他知道她接受不了,自己也不想承認,喬媽媽就這樣逝去。對他而言,這原本一件是不足為慮的小事,但卻居然硬生生地演變成了一場血案,受害者還是喬可遇的媽媽,他也接受不了。
但是生死之事,誰也無力迴天。
喬可遇聞言頓住腳,臉上出現片刻的怔楞。
「就算為了寶寶著想。」他勸,聲音裡帶著些許無力亦或疲憊。
喬可遇自從發現懷了這個寶寶,她到底受了多少刺激?連醫生都說,這樣很影響寶寶的身心健康。
喬可遇聞言,手摸到小腹上,寬鬆的衣服下還看不太出來,但是她能感覺到,這個寶寶正在自己身體裡逐漸地長大。
皇甫曜見她表情鬆動,便將她抱她回床上。然後將飯菜擱到桌上說:「吃點吧,你媽應該也不想看你這樣。」
喬可遇低眸,看著桌上的食物卻是一點兒食慾也沒有。皇甫曜見她沒有動手的意思,便端了碗用湯匙舀了湯放到她的唇邊。
喬可遇蹙眉,接過勺子說:「我自己來吧。」
心不在焉,也沒什麼食慾,勉強喝了半碗湯,便再也吃不下去。皇甫曜明白她的心情,也便沒有再勸。
喬可遇不再說話,目光出神地望著窗子。外面照進來的陽光那麼明媚,卻照不進她的心裡,她的世界已經因為媽媽的逝去而陰暗……
雖然是冬天,但也不能在太平間裡停屍太久,皇甫曜安排她見了喬媽媽最後一面,便送去了火葬。
喬家在s市沒什麼親戚,佳寧雖然結了婚,卻嫁去了外市,而且她們都想清清靜靜的送母親走。所以除了平時往來的鄰居,和喬佳寧以前的幾個同學外,來得人也不算多,葬禮非常的簡單。

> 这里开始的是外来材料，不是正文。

(* Let $X$ be a topological space and $Y$ be a metrizable, connected and locally arcwise connected space. Then $\Sigma_0^{f*}(X,Y)\subseteq \mathrm{B}_1(X,Y)$.
   Context: Functionally closed/open sets: zero sets of continuous functions $X\to[0,1]$, resp. their complements. A family $(A_i:i\in I)$ of subsets of $X$ is strongly functionally discrete (sfd) if there is a discrete family $(U_i:i\in I)$ of functionally open sets with $\overline{A_i}\subseteq U_i$ for all $i$; $\sigma$-sfd means a countable union of sfd families. A family $\mathcal B$ is a base for $f:X\to Y$ if each $f^{-1}(V)$, $V\subseteq Y$ open, is a union of members of $\mathcal B$. $\Sigma^{f*}_0(X,Y)$: mappings $f:X\to Y$ having a $\sigma$-sfd base consisting of functionally closed subsets of $X$. $\mathrm{B}_1(X,Y)$: pointwise limits of sequences of continuous mappings $X\to Y$. *)

theory Defs
  imports "HOL-Analysis.Analysis"
begin

definition arc_connectedin :: "'a topology \<Rightarrow> 'a set \<Rightarrow> bool" where
  "arc_connectedin X S \<longleftrightarrow> S \<subseteq> topspace X \<and>
     (\<forall>x\<in>S. \<forall>y\<in>S. x \<noteq> y \<longrightarrow>
        (\<exists>g. embedding_map (top_of_set {0..1::real}) (subtopology X S) g \<and> g 0 = x \<and> g 1 = y))"
(* Let $(V,\langle\cdot\,,\cdot\rangle_V)$ be an admissible integral $\mathrm{Cl}_{r,s}$-module and $(U,\langle\cdot\,,\cdot\rangle_U)$ an admissible integral $\mathrm{Cl}_{4,4}$-module such that the representations $J_{y_j}\in\mathrm{End}(U)$ permute the integral basis of $U$ up to sign for all orthonormal generators $y_j$ of $\mathrm{Cl}_{4,4}$. Then $V\otimes U$ with the scalar product $\langle v\otimes u,v'\otimes u'\rangle=\langle v,v'\rangle_V\langle u,u'\rangle_U$ is (carries the structure of) an admissible integral $\mathrm{Cl}_{r+4,s+4}$-module.
   Context: A scalar product is a real symmetric non-degenerate bilinear form. $\mathrm{Cl}_{p,q}$ is the real Clifford algebra generated by $\mathbb R^{p,q}$ ($\mathbb R^{p+q}$ with quadratic form $x_1^2+\dots+x_p^2-x_{p+1}^2-\dots-x_{p+q}^2$) with relation $z^2=-\langle z,z\rangle\cdot1$; orthonormal generators $z_k$ satisfy $\langle z_k,z_l\rangle=0$ ($k\ne l$), $\langle z_k,z_k\rangle=\pm1$. A $\mathrm{Cl}_{p,q}$-module $V$ with representation $J$ is admissible if it carries a scalar product with $\langle J_zu,v\rangle_V=-\langle u,J_zv\rangle_V$ for all $z,u,v$; it is an admissible integral module if it has an integral basis, i.e. a basis $\{v_\alpha\}$ with $\langle v_\alpha,v_\beta\rangle_V=0$ ($\alpha\ne\beta$), $\langle v_\alpha,v_\alpha\rangle_V=\pm1$, and $\langle J_{z_k}v_\alpha,v_\beta\rangle_V\in\{1,-1,0\}$ for all orthonormal generators $z_k$ and all $\alpha,\beta$. An operator permutes a basis up to sign if it sends each basis vector to $\pm$ some basis vector. *)

theory Defs
  imports "HOL-Analysis.Analysis"
begin

text \<open>Finite-dimensional real modules are modelled concretely as coordinate spaces
  real^'n.\<close>

definition gen_norm :: "nat \<Rightarrow> nat \<Rightarrow> real" where
  "gen_norm p k = (if k < p then 1 else -1)"

definition scalar_product :: "('v::real_vector \<Rightarrow> 'v \<Rightarrow> real) \<Rightarrow> bool" where
  "scalar_product g \<longleftrightarrow> bilinear g \<and> (\<forall>u v. g u v = g v u)
     \<and> (\<forall>u. (\<forall>v. g u v = 0) \<longrightarrow> u = 0)"

text \<open>A representation of Cl_{p,q} on V, given by the images J k of the orthonormal
  generators z_k: linear maps with J_z J_z = - <z,z> Id and anticommuting for
  distinct generators (this is exactly an algebra homomorphism Cl_{p,q} -> End V,
  by the universal property of the Clifford algebra).\<close>
definition clifford_rep :: "nat \<Rightarrow> nat \<Rightarrow> (nat \<Rightarrow> 'v::real_vector \<Rightarrow> 'v) \<Rightarrow> bool" where
  "clifford_rep p q J \<longleftrightarrow>
     (\<forall>k<p+q. linear (J k)) \<and>
     (\<forall>k<p+q. \<forall>v. J k (J k v) = - (gen_norm p k *\<^sub>R v)) \<and>
     (\<forall>k<p+q. \<forall>l<p+q. k \<noteq> l \<longrightarrow> (\<forall>v. J k (J l v) = - J l (J k v)))"
theorem mainTheorem11:
  fixes M A :: "'a::real_normed_field mat" and n :: nat
  assumes "M \<in> carrier_mat n n" and "invertible_mat M"
    and "dilation_matrix_for n M A"
  shows "\<exists>\<beta>::nat. \<beta> \<ge> 1 \<and>
    (\<forall>x \<in> lattice n M. \<exists>N::nat. \<exists>d :: nat \<Rightarrow> 'a vec.
       (\<forall>j\<le>N. d j \<in> digit_set n M A \<beta>) \<and>
       x = vec n (\<lambda>i. \<Sum>j\<le>N. ((A ^\<^sub>m (\<beta> * j)) *\<^sub>v d j) $ i))"
proof -
  from assms(3) obtain Minv B where A: "A \<in> carrier_mat n n" and Minv: "Minv \<in> carrier_mat n n"
    and MMinv: "M * Minv = 1\<^sub>m n" and dil: "int_dilation_matrix n B"
    and conj: "Minv * A * M = map_mat of_int B"
    unfolding dilation_matrix_for_def by blast
  obtain \<beta> P where \<beta>: "\<beta> \<ge> 1" and P: "P \<in> carrier_mat n n"
    and inv: "map_mat real_of_int (B ^\<^sub>m \<beta>) * P = 1\<^sub>m n"
    and small: "\<And>i j. i < n \<Longrightarrow> j < n \<Longrightarrow> \<bar>P $$ (i,j)\<bar> \<le> 1 / (4 * real n)"
    using dilation_power_small_inverse[OF dil] by blast
  have B: "B \<in> carrier_mat n n" using dil unfolding int_dilation_matrix_def by auto
  have "radix_rep n M A \<beta> x" if x_lat: "x \<in> lattice n M" for x
  proof -
    obtain z where z: "z \<in> carrier_vec n" and x: "x = M *\<^sub>v map_vec of_int z"
      using lattice_int_coords[OF x_lat] by blast
    \<comment> \<open>any bound on the coordinates of \<open>z\<close> will do for the induction\<close>
    have "\<bar>z $ i\<bar> \<le> int (nat (\<Sum>k<n. \<bar>z $ k\<bar>))" if "i < n" for i
      using member_le_sum[of i "{..<n}" "\<lambda>k. \<bar>z $ k\<bar>"] that by auto
    from radix_rep_lattice_point[OF assms(1) Minv A MMinv conj B P inv small z this]
    show ?thesis unfolding x by simp
  qed
  with \<beta> show ?thesis unfolding radix_rep_def by blast
qed

end
lemma prob_binomial_pmf_sublinear_deficit:
  assumes "0 \<le> p" "p \<le> 1" "1 \<le> t"
  shows "1 - exp (- 2 * real t powr (1/2))
       \<le> measure_pmf.prob (binomial_pmf (t - 1) p)
           {k. p * real t - 2 * real t powr (1 - 1/4) \<le> real k}"
proof (cases "t = 1")
  case True
  then have "measure_pmf.prob (binomial_pmf (t - 1) p)
      {k. p * real t - 2 * real t powr (1 - 1/4) \<le> real k} = 1"
    using assms(2) by (subst measure_pmf.prob_eq_1) auto
  then show ?thesis
    by simp
next
  case False
  define \<epsilon> where "\<epsilon> = 2 * real t powr (3/4) - p"
  have "1 \<le> real t powr (3/4)"
    using assms(3) by (intro ge_one_powr_ge_zero) auto
  then have t34_le: "real t powr (3/4) \<le> \<epsilon>"
    using assms(2) unfolding \<epsilon>_def by simp
  have "real (t - 1) * real t powr (1/2) \<le> real t * real t powr (1/2)"
    by (intro mult_right_mono) auto
  also have "\<dots> = (real t powr (3/4))\<^sup>2"
    using assms(3) by (simp add: power2_eq_square powr_add[symmetric] powr_mult_base)
  also have "\<dots> \<le> \<epsilon>\<^sup>2"
    using t34_le by (intro power_mono) auto
  finally have "real (t - 1) * real t powr (1/2) \<le> \<epsilon>\<^sup>2" .
  then have "real t powr (1/2) \<le> \<epsilon>\<^sup>2 / real (t - 1)"
    using False assms(3) by (simp add: field_simps)
  then have "1 - exp (- 2 * real t powr (1/2)) \<le> 1 - exp (- 2 * \<epsilon>\<^sup>2 / real (t - 1))"
    by simp
  also have "\<dots> \<le> measure_pmf.prob (binomial_pmf (t - 1) p) {k. real (t - 1) * p - \<epsilon> \<le> real k}"
    using t34_le \<open>1 \<le> real t powr (3/4)\<close> False assms
    by (intro prob_binomial_pmf_lower_tail) auto
  also have "real (t - 1) * p - \<epsilon> = p * real t - 2 * real t powr (1 - 1/4)"
    using assms(3) unfolding \<epsilon>_def by (simp add: of_nat_diff algebra_simps)
  finally show ?thesis .
qed

definition informed_upto :: "enat \<Rightarrow> nat \<Rightarrow> (nat \<Rightarrow> opinion) \<Rightarrow> bool" where
  "informed_upto n t f \<longleftrightarrow> f 0 = Pos \<and> (\<forall>i\<ge>1. f i \<noteq> Bot \<longleftrightarrow> i \<le> t \<and> enat i \<le> n)"

definition pos_prefix :: "nat \<Rightarrow> (nat \<Rightarrow> opinion) \<Rightarrow> bool" where
  "pos_prefix s f \<longleftrightarrow> (\<forall>j\<le>s. f j = Pos)"

lemma informed_upto_parent_not_Bot:
  assumes "informed_upto n t f" "1 \<le> i" "i \<le> Suc t" "enat i \<le> n"
  shows "f (i - 1) \<noteq> Bot"
proof (cases "i = 1")
  case False
  have "enat (i - 1) \<le> n"
    using assms(4) by (meson diff_le_self enat_ord_simps(1) order_trans)
  then show ?thesis
    using assms False unfolding informed_upto_def by auto
qed (use assms(1) in \<open>simp add: informed_upto_def\<close>)

lemma active_set_eq:
  assumes "informed_upto n t f"
  shows "{i. 1 \<le> i \<and> enat i \<le> n \<and> (f i \<noteq> Bot \<or> f (i - 1) \<noteq> Bot)}
       = {i. 1 \<le> i \<and> i \<le> Suc t \<and> enat i \<le> n}"
proof -
  have "i \<le> Suc t" if "1 \<le> i" "f i \<noteq> Bot \<or> f (i - 1) \<noteq> Bot" for i
    using assms that unfolding informed_upto_def
    by (cases "i = 1") (auto simp: le_diff_conv)
  then show ?thesis
    using informed_upto_parent_not_Bot[OF assms] by blast
qed

lemma set_pmf_spread_stepE:
  assumes "informed_upto n t f" "g \<in> set_pmf (spread_step n a b f)"
  obtains h where "g = h(0 := Pos)"
    "\<And>i. 1 \<le> i \<Longrightarrow> i \<le> Suc t \<Longrightarrow> enat i \<le> n \<Longrightarrow> h i \<in> set_pmf (local_update a b f i)"
    "\<And>i. \<not> (1 \<le> i \<and> i \<le> Suc t \<and> enat i \<le> n) \<Longrightarrow> h i = Bot"
proof -
  have fin: "finite {i. 1 \<le> i \<and> i \<le> Suc t \<and> enat i \<le> n}"
    by (rule finite_subset[of _ "{..Suc t}"]) auto
  from assms(2) obtain h where "g = h(0 := Pos)"
    "h \<in> set_pmf (Pi_pmf {i. 1 \<le> i \<and> i \<le> Suc t \<and> enat i \<le> n} Bot (local_update a b f))"
    unfolding spread_step_def active_set_eq[OF assms(1)] by auto
  with that show ?thesis
    unfolding set_Pi_pmf[OF fin] PiE_dflt_def by auto
qed

lemma set_pmf_local_update_not_Bot:
  assumes "f (i - 1) \<noteq> Bot" "x \<in> set_pmf (local_update a b f i)"
  shows "x \<noteq> Bot"
  using assms by (cases "f (i - 1)"; cases "f i") (auto simp: local_update_def)

lemma informed_upto_spread_step:
  assumes "informed_upto n t f" "g \<in> set_pmf (spread_step n a b f)"
  shows "informed_upto n (Suc t) g"
proof -
  obtain h where h: "g = h(0 := Pos)"
    "\<And>i. 1 \<le> i \<Longrightarrow> i \<le> Suc t \<Longrightarrow> enat i \<le> n \<Longrightarrow> h i \<in> set_pmf (local_update a b f i)"
    "\<And>i. \<not> (1 \<le> i \<and> i \<le> Suc t \<and> enat i \<le> n) \<Longrightarrow> h i = Bot"
    using set_pmf_spread_stepE[OF assms] by blast
  have "h i \<noteq> Bot" if "1 \<le> i" "i \<le> Suc t" "enat i \<le> n" for i
    using set_pmf_local_update_not_Bot informed_upto_parent_not_Bot[OF assms(1)] h(2) that
    by blast
  with h(1,3) show ?thesis
    unfolding informed_upto_def by auto
qed

lemma informed_upto_spread_dist:
  "f \<in> set_pmf (spread_dist n a b t) \<Longrightarrow> informed_upto n t f"
proof (induction t arbitrary: f)
  case 0
  then show ?case by (auto simp: informed_upto_def spread_init_def)
next
  case (Suc t)
  then show ?case using informed_upto_spread_step by fastforce
qed

lemma pos_prefix_spread_step:
  assumes "informed_upto n t f" "g \<in> set_pmf (spread_step n a b f)"
    and "pos_prefix s f" "enat s \<le> n"
  shows "pos_prefix s g"
proof -
  obtain h where h: "g = h(0 := Pos)"
    "\<And>i. 1 \<le> i \<Longrightarrow> i \<le> Suc t \<Longrightarrow> enat i \<le> n \<Longrightarrow> h i \<in> set_pmf (local_update a b f i)"
    using set_pmf_spread_stepE[OF assms(1,2)] by blast
  have "h j = Pos" if "1 \<le> j" "j \<le> s" for j
  proof -
    have "f j = Pos" "f (j - 1) = Pos"
      using assms(3) that unfolding pos_prefix_def by auto
    moreover have "j \<le> t"
      using assms(1) \<open>f j = Pos\<close> \<open>1 \<le> j\<close> unfolding informed_upto_def by auto
    moreover have "enat j \<le> n"
      using assms(4) \<open>j \<le> s\<close> by (meson enat_ord_simps(1) order_trans)
    ultimately show ?thesis
      using h(2)[of j] \<open>1 \<le> j\<close> by (auto simp: local_update_def)
  qed
  with h(1) show ?thesis
    unfolding pos_prefix_def by (auto simp: not_less_eq_eq)
qed

lemma spread_step_component:
  assumes "informed_upto n t f" "1 \<le> i" "i \<le> Suc t" "enat i \<le> n"
  shows "map_pmf (\<lambda>g. g i) (spread_step n a b f) = local_update a b f i"
proof -
  have fin: "finite {i. 1 \<le> i \<and> i \<le> Suc t \<and> enat i \<le> n}"
    by (rule finite_subset[of _ "{..Suc t}"]) auto
  have root_irrelevant: "(\<lambda>g. (g(0 := Pos)) i) = (\<lambda>g. g i)"
    using assms(2) by auto
  show ?thesis
    unfolding spread_step_def active_set_eq[OF assms(1)] map_pmf_comp root_irrelevant
    using assms by (subst Pi_pmf_component[OF fin]) simp_all
qed

text \<open>The hypothesis \<open>Suc s \<le> t\<close> is essential: a vertex informed for the first time copies
  its parent only with probability \<open>1 - a\<close>.\<close>

lemma prob_spread_step_pos_prefix_Suc:
  assumes "informed_upto n t f" "pos_prefix s f" "enat (Suc s) \<le> n" "Suc s \<le> t"
    and "0 \<le> b" "b \<le> 1"
  shows "b \<le> measure_pmf.prob (spread_step n a b f) {g. pos_prefix (Suc s) g}"
proof -
  let ?S = "spread_step n a b f"
  have "f (Suc s) \<noteq> Bot" "f s = Pos"
    using assms(1-4) unfolding informed_upto_def pos_prefix_def by auto
  then have marginal: "map_pmf (\<lambda>g. g (Suc s)) ?S
      = map_pmf (\<lambda>c. if c then Pos else f (Suc s)) (bernoulli_pmf b)"
    using spread_step_component[OF assms(1), of "Suc s" a b] assms(3,4)
    by (simp add: local_update_def cong: if_cong)
  have "pos_prefix s g" if "g \<in> set_pmf ?S" for g
    using pos_prefix_spread_step[OF assms(1) that assms(2)] assms(3)
    by (meson enat_ord_simps(1) le_SucI order_refl order_trans)
  then have prefix: "AE g in measure_pmf ?S. g (Suc s) = Pos \<longrightarrow> pos_prefix (Suc s) g"
    by (auto simp: AE_measure_pmf_iff pos_prefix_def le_Suc_eq)
  have "b = measure_pmf.prob (bernoulli_pmf b) {True}"
    using assms(5,6) by (simp add: measure_pmf_single)
  also have "\<dots> \<le> measure_pmf.prob (map_pmf (\<lambda>g. g (Suc s)) ?S) {Pos}"
    unfolding marginal by (auto intro: measure_pmf.finite_measure_mono)
  also have "\<dots> = measure_pmf.prob ?S {g. g (Suc s) = Pos}"
    by (simp add: vimage_def)
  also have "\<dots> \<le> measure_pmf.prob ?S {g. pos_prefix (Suc s) g}"
    using prefix by (intro measure_pmf.finite_measure_mono_AE) auto
  finally show ?thesis .
qed

lemma prob_spread_dist_pos_prefix_0:
  "measure_pmf.prob (spread_dist n a b t) {f. pos_prefix 0 f} = 1"
  by (subst measure_pmf.prob_eq_1)
     (auto simp: AE_measure_pmf_iff pos_prefix_def informed_upto_def dest: informed_upto_spread_dist)

lemma prob_spread_dist_pos_prefix_Suc:
  assumes "0 \<le> b" "b \<le> 1" "enat (Suc s) \<le> n" "Suc s \<le> t"
  shows "b * measure_pmf.prob (spread_dist n a b t) {f. pos_prefix s f}
         + (1 - b) * measure_pmf.prob (spread_dist n a b t) {f. pos_prefix (Suc s) f}
       \<le> measure_pmf.prob (spread_dist n a b (Suc t)) {f. pos_prefix (Suc s) f}"
proof -
  let ?D = "spread_dist n a b t"
  define h where "h f = b * indicator {f. pos_prefix s f} f
    + (1 - b) * indicator {f. pos_prefix (Suc s) f} f" for f :: "nat \<Rightarrow> opinion"
  have h_le: "h f \<le> measure_pmf.prob (spread_step n a b f) {g. pos_prefix (Suc s) g}"
    if "f \<in> set_pmf ?D" for f
  proof -
    have inf: "informed_upto n t f"
      using that by (rule informed_upto_spread_dist)
    consider "pos_prefix (Suc s) f" | "pos_prefix s f" "\<not> pos_prefix (Suc s) f"
      | "\<not> pos_prefix s f" "\<not> pos_prefix (Suc s) f"
      unfolding pos_prefix_def by (meson le_Suc_eq)
    then show ?thesis
    proof cases
      case 1
      then have "measure_pmf.prob (spread_step n a b f) {g. pos_prefix (Suc s) g} = 1"
        using pos_prefix_spread_step[OF inf _ 1 assms(3)]
        by (subst measure_pmf.prob_eq_1) (auto simp: AE_measure_pmf_iff)
      with 1 show ?thesis
        by (simp add: h_def pos_prefix_def)
    next
      case 2
      then show ?thesis
        using prob_spread_step_pos_prefix_Suc[OF inf 2(1) assms(3,4,1,2)] by (simp add: h_def)
    qed (simp add: h_def)
  qed
  have "b * measure_pmf.prob ?D {f. pos_prefix s f}
        + (1 - b) * measure_pmf.prob ?D {f. pos_prefix (Suc s) f} = (\<integral>f. h f \<partial>?D)"
    unfolding h_def
    by (subst Bochner_Integration.integral_add)
       (auto intro!: measure_pmf.integrable_const_bound[where B=1])
  also have "\<dots> \<le> (\<integral>f. measure_pmf.prob (spread_step n a b f) {g. pos_prefix (Suc s) g} \<partial>?D)"
    using h_le assms(1,2)
    by (intro integral_mono_AE measure_pmf.integrable_const_bound[where B=1])
       (auto simp: AE_measure_pmf_iff h_def indicator_def)
  also have "\<dots> = measure_pmf.prob (spread_dist n a b (Suc t)) {f. pos_prefix (Suc s) f}"
    by (simp add: measure_pmf_prob_bind_pmf)
  finally show ?thesis .
qed

lemma prob_binomial_pmf_ge_le_pos_prefix:
  assumes "0 \<le> b" "b \<le> 1" "enat s \<le> n"
  shows "measure_pmf.prob (binomial_pmf m b) {k. s \<le> k}
       \<le> measure_pmf.prob (spread_dist n a b (Suc m)) {f. pos_prefix s f}"
  using assms(3)
proof (induction m arbitrary: s)
  case 0
  then show ?case
    using prob_binomial_pmf_ge_eq_0[OF assms(1,2)] prob_spread_dist_pos_prefix_0
    by (cases s) (auto simp del: spread_dist.simps)
next
  case (Suc m)
  consider "s = 0" | "Suc m < s" | s' where "s = Suc s'" "s' \<le> m"
    by (cases s) force+
  then show ?case
  proof cases
    case 3
    have s'n: "enat (Suc s') \<le> n"
      using Suc.prems 3(1) by simp
    then have "enat s' \<le> n"
      by (meson enat_ord_simps(1) le_SucI order_refl order_trans)
    then have "measure_pmf.prob (binomial_pmf (Suc m) b) {k. s \<le> k}
        \<le> b * measure_pmf.prob (spread_dist n a b (Suc m)) {f. pos_prefix s' f}
          + (1 - b) * measure_pmf.prob (spread_dist n a b (Suc m)) {f. pos_prefix (Suc s') f}"
      unfolding 3(1) prob_binomial_pmf_Suc_ge_Suc[OF assms(1,2)]
      using Suc.IH s'n assms(1,2) by (intro add_mono mult_left_mono) auto
    also have "\<dots> \<le> measure_pmf.prob (spread_dist n a b (Suc (Suc m))) {f. pos_prefix s f}"
      unfolding 3(1) using prob_spread_dist_pos_prefix_Suc[OF assms(1,2) s'n, of "Suc m" a] 3(2)
      by simp
    finally show ?thesis .
  qed (use prob_binomial_pmf_ge_eq_0[OF assms(1,2)] prob_spread_dist_pos_prefix_0 in
        \<open>auto simp del: spread_dist.simps\<close>)
qed

lemma pos_prefix_le_truth_frontier:
  assumes "informed_upto n t f" "pos_prefix s f" "enat s \<le> n"
  shows "s \<le> truth_frontier n f"
proof -
  have "i \<le> t" if "\<forall>j\<le>i. f j = Pos" for i
    using assms(1) that[rule_format, of i] unfolding informed_upto_def
    by (cases "i = 0") (auto dest: spec[of _ i])
  then have "{i. enat i \<le> n \<and> (\<forall>j\<le>i. f j = Pos)} \<subseteq> {..t}"
    by auto
  then have "finite {i. enat i \<le> n \<and> (\<forall>j\<le>i. f j = Pos)}"
    by (rule finite_subset) simp
  with assms(2,3) show ?thesis
    unfolding truth_frontier_def pos_prefix_def by (intro Max_ge) auto
qed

從葬禮開始,喬可遇都站在那裡,樓少東與皇甫曜裡裡外外地忙碌,不明所以的人都以為他倆是這家的女婿,有的人甚至寬慰她們姐妹倆人,說都找到了這好的歸宿,喬媽媽就算走也能安心了。
喬可遇聽到這話時,眼裡淚終於忍不住往下掉。她知道媽媽不是安慰著走的,她帶著那麼多的不甘與遺憾,甚到是屈辱的。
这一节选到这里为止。